From Point Models to Agentic AI Vulnerability Discovery
AI vulnerability discovery has moved beyond single chatbots toward orchestrated systems designed for automated code auditing and security testing. Instead of relying on one large model, leading vendors are building multi-agent architectures that coordinate scanning, reasoning, and validation across massive codebases and attack surfaces. The goal is vulnerability detection automation that compresses discovery timelines from months to minutes without sacrificing rigor. Microsoft, Google, and Tenable are converging on a similar pattern: agentic AI wrapped in strict workflows, extensive telemetry, and explicit guardrails. These platforms plug directly into existing engineering and security pipelines, treating AI as a security testing AI fabric rather than a standalone assistant. Yet, even as automation accelerates, all three providers stress that human review remains essential for confirming exploitable issues, deciding on patches, and maintaining overall security integrity.
Microsoft MDASH: Multi-Model Agents for Deep Code Audits
Microsoft’s MDASH platform illustrates how automated code auditing is being re-architected around coordinated agents. MDASH brings together more than 100 specialized AI agents that collaboratively scan, validate, debate, and prove vulnerabilities across complex products such as Windows, Hyper-V, and Azure. Rather than a single prompt chain, MDASH runs as a multi-stage pipeline, with different agents responsible for detection, lifecycle analysis, concurrency reasoning, deduplication, and exploitability checks. Microsoft reports that MDASH scored 88.45% on the public CyberGym benchmark of 1,507 real-world vulnerabilities and reached 96% recall on historical clfs.sys issues and 100% recall on tcpip.sys cases reviewed internally. The company positions MDASH as model-agnostic, emphasizing that orchestration, validation, and automated proof generation matter more than any individual model. This architecture is designed to reduce false positives while surfacing practically exploitable flaws that security teams can prioritize for action.

Google CodeMender: Guarded Rollout with Mandatory Human Review
Google’s CodeMender takes a different but complementary approach, focusing on controlled access and strict human oversight. Introduced as a security-focused AI agent, CodeMender is designed to find software vulnerabilities, trace root causes, and propose patches that undergo extensive testing before any human approval. It combines Gemini Deep Think models with static and dynamic analysis, differential testing, fuzzing, and SMT solvers to build a robust security testing AI stack. Google is now expanding API access to vetted security experts, allowing them to integrate CodeMender into existing engineering and security pipelines while still keeping the tool out of general release. Every AI-generated patch remains subject to mandatory human review, including validation, rollback checks, policy assessment, and production-readiness testing. By keeping access gated and enforcing human control over remediation, Google aims to harness vulnerability detection automation without enabling misuse or over-trusting automated fixes.

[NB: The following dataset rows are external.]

theorem mainTheorem8:
  fixes n d :: nat and X :: qop
  assumes "1 \<le> n" and "2 \<le> d"
    and "self_adj {0..<n} d X" and "mtrace {0..<n} d X = 0"
  shows "W1 {0..<n} d X \<le>
    (\<Sum>k<n. trace_norm ({0..<n} - {0..<k}) d (ptrace {0..<k} d X))"
  unfolding W1_def
proof (rule cSup_least)
  have "lip_const {0..<n} d (\<lambda>_ _. 0) \<le> 1" using assms(1) by (simp add: lip_const_zero)
  then show "{Re (mtrace {0..<n} d (mmult {0..<n} d X H)) | H. self_adj {0..<n} d H \<and> lip_const {0..<n} d H \<le> 1}
      \<noteq> {}"
    using zero_self_adj_acts_trivially by blast
qed (use Re_mtrace_mmult_le[OF assms(1) _ assms(3,4)] assms(2) in auto)

end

Tenable Hexa AI: Automating Exposure Management and Risk Prioritization
Tenable Hexa AI extends AI vulnerability discovery beyond code into full exposure management. As the agentic AI engine of the Tenable One Exposure Management Platform, Hexa AI uses advanced multi-step reasoning and Model Context Protocol support to build custom agents and workflows that operate at machine speed. The system leverages Tenable’s Exposure Data Fabric to turn fragmented technical signals into prioritized, business-aligned intelligence, bridging the gap between vulnerability discovery and remediation. Hexa AI orchestrates automated remediation workflows, from creating and routing tickets to generating custom policies and audit-ready reports, enabling teams to act quickly on critical exposures. It integrates directly with existing security and IT tools, so organizations can use built-in agents or deploy their own to automate end-to-end workflows. In effect, Tenable is using security testing AI not just to find issues, but to operationalize response across the entire attack surface.

Balancing Automation with Human Judgment in Security Operations
Across MDASH, CodeMender, and Hexa AI, a common pattern emerges: AI-driven systems are dramatically improving vulnerability discovery efficiency, yet none of them remove humans from the loop. Microsoft relies on multi-agent validation and exploitability checks to cut false positives before they reach security teams, but engineering and response staff still make final decisions. Google explicitly mandates human review on every CodeMender-generated patch, and keeps access restricted to expert testers to reduce misuse risks. Tenable focuses on automating exposure management workflows and prioritization, while leaving risk acceptance, policy changes, and production deployments under human control. As frontier models accelerate vulnerability detection automation, enterprises are learning that the biggest gains come when AI handles scale, correlation, and orchestration, and humans handle context, governance, and accountability. The future of automated code auditing will be measured not only in findings, but in how safely those findings translate into reliable fixes.